Records provided Start Marker

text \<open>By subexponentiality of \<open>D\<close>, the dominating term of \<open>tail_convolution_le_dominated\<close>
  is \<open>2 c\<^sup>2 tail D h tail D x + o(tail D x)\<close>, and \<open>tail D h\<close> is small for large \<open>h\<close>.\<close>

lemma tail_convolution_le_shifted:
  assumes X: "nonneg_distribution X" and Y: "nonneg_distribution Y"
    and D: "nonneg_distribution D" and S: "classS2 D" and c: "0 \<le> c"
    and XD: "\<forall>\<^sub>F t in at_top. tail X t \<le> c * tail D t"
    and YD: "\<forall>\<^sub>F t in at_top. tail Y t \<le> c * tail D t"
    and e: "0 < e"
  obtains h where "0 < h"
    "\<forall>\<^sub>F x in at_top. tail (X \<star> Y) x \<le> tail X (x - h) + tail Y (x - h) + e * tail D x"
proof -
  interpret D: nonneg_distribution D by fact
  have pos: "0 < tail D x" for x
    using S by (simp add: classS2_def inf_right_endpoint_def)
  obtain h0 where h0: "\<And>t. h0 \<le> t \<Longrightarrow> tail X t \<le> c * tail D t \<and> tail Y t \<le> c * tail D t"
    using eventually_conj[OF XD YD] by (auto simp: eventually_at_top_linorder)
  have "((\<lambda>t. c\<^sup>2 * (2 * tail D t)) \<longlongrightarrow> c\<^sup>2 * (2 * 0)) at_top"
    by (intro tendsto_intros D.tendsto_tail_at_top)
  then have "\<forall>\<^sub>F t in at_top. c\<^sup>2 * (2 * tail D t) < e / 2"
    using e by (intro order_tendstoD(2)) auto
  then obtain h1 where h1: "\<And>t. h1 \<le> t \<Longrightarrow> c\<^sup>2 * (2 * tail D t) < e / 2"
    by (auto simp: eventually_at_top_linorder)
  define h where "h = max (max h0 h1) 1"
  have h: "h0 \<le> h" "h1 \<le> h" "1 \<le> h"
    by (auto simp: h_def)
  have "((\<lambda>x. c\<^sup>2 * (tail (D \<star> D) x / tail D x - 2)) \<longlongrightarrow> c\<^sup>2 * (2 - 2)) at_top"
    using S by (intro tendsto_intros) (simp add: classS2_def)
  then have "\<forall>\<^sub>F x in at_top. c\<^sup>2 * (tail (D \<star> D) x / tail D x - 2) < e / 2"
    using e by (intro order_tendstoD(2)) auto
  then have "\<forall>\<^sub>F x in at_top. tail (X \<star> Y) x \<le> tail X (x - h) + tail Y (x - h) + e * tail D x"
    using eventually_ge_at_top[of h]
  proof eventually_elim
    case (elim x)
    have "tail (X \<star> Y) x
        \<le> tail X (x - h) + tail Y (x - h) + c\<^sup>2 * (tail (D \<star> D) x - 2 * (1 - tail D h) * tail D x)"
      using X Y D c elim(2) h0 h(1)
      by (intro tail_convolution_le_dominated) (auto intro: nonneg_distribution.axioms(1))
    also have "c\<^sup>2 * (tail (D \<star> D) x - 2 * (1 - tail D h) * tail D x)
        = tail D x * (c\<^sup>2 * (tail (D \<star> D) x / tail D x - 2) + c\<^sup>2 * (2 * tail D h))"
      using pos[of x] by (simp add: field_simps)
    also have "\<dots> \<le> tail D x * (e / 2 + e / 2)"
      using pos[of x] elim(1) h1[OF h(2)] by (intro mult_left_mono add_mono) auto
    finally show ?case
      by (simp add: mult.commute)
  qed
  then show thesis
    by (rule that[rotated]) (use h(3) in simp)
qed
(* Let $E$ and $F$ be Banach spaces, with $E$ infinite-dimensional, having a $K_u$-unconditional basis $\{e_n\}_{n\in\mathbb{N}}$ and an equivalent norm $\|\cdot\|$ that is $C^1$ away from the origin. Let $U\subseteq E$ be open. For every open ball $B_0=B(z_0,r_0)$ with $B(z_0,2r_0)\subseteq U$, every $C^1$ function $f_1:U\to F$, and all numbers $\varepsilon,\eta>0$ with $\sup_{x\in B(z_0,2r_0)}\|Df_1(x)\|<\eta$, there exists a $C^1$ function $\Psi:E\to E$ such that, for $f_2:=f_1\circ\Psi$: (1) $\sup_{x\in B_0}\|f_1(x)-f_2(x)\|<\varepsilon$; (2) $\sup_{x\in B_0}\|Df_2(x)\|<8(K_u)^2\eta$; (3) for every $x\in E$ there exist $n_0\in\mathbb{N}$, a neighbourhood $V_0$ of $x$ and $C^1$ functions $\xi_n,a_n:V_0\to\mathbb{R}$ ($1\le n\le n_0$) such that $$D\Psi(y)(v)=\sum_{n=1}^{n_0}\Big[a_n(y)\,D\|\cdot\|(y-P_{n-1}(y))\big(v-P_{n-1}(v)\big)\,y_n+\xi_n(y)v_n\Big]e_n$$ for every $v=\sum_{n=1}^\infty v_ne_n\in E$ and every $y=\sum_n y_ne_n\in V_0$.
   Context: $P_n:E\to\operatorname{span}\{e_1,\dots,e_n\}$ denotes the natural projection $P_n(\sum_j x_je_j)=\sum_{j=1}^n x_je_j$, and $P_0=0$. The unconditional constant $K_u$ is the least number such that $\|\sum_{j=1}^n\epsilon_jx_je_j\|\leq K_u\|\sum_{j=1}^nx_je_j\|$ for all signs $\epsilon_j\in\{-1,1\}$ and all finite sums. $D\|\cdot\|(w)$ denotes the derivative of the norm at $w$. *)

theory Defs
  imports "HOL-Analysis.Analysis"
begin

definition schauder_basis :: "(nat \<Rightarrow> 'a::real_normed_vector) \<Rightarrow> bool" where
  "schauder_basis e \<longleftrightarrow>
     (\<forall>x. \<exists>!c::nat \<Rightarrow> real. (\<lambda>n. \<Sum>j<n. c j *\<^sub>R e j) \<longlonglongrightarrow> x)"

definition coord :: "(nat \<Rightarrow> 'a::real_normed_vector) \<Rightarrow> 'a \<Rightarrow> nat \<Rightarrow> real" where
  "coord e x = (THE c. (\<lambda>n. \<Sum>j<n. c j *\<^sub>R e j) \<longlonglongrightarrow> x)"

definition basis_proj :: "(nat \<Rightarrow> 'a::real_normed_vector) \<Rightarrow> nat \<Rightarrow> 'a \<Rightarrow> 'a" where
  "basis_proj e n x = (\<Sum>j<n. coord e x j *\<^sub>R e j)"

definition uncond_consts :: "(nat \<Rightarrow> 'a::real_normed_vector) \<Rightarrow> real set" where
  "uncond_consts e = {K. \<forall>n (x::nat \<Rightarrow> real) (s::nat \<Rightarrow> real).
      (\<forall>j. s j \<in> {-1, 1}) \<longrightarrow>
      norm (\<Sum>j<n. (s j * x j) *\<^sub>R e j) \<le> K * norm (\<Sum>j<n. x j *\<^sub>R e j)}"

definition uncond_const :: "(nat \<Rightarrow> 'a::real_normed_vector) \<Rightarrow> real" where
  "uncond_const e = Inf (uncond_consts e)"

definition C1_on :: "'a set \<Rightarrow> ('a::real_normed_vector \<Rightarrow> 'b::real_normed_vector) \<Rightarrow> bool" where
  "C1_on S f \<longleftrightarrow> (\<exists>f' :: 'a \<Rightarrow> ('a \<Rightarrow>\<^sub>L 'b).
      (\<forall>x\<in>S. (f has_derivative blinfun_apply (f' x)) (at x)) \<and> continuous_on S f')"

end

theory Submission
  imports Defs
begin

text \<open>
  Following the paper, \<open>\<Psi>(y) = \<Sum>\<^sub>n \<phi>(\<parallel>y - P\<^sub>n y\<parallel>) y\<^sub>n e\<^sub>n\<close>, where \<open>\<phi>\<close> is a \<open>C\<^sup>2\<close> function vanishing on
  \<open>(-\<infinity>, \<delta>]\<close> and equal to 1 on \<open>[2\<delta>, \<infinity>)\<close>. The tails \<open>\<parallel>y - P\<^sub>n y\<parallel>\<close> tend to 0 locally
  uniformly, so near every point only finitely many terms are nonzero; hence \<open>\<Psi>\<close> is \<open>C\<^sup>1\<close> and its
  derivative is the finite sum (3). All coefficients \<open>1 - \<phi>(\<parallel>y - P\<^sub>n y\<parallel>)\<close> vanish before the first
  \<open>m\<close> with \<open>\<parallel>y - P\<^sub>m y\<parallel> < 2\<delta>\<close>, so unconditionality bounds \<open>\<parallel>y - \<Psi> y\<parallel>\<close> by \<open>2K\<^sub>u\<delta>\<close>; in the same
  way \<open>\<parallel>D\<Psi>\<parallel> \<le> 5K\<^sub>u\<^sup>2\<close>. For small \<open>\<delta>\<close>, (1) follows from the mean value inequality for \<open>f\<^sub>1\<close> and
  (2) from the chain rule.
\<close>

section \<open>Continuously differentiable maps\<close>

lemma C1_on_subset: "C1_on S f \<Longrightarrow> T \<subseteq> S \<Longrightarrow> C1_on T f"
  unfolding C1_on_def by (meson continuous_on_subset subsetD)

Records provided End Marker

What you will do.
All lines from the opening of the records through the line where "using S by (simp" occurs are to be output verbatim. No other line belongs in the answer.

Answer to this exercise.
text \<open>By subexponentiality of \<open>D\<close>, the dominating term of \<open>tail_convolution_le_dominated\<close>
  is \<open>2 c\<^sup>2 tail D h tail D x + o(tail D x)\<close>, and \<open>tail D h\<close> is small for large \<open>h\<close>.\<close>

lemma tail_convolution_le_shifted:
  assumes X: "nonneg_distribution X" and Y: "nonneg_distribution Y"
    and D: "nonneg_distribution D" and S: "classS2 D" and c: "0 \<le> c"
    and XD: "\<forall>\<^sub>F t in at_top. tail X t \<le> c * tail D t"
    and YD: "\<forall>\<^sub>F t in at_top. tail Y t \<le> c * tail D t"
    and e: "0 < e"
  obtains h where "0 < h"
    "\<forall>\<^sub>F x in at_top. tail (X \<star> Y) x \<le> tail X (x - h) + tail Y (x - h) + e * tail D x"
proof -
  interpret D: nonneg_distribution D by fact
  have pos: "0 < tail D x" for x
    using S by (simp add: classS2_def inf_right_endpoint_def)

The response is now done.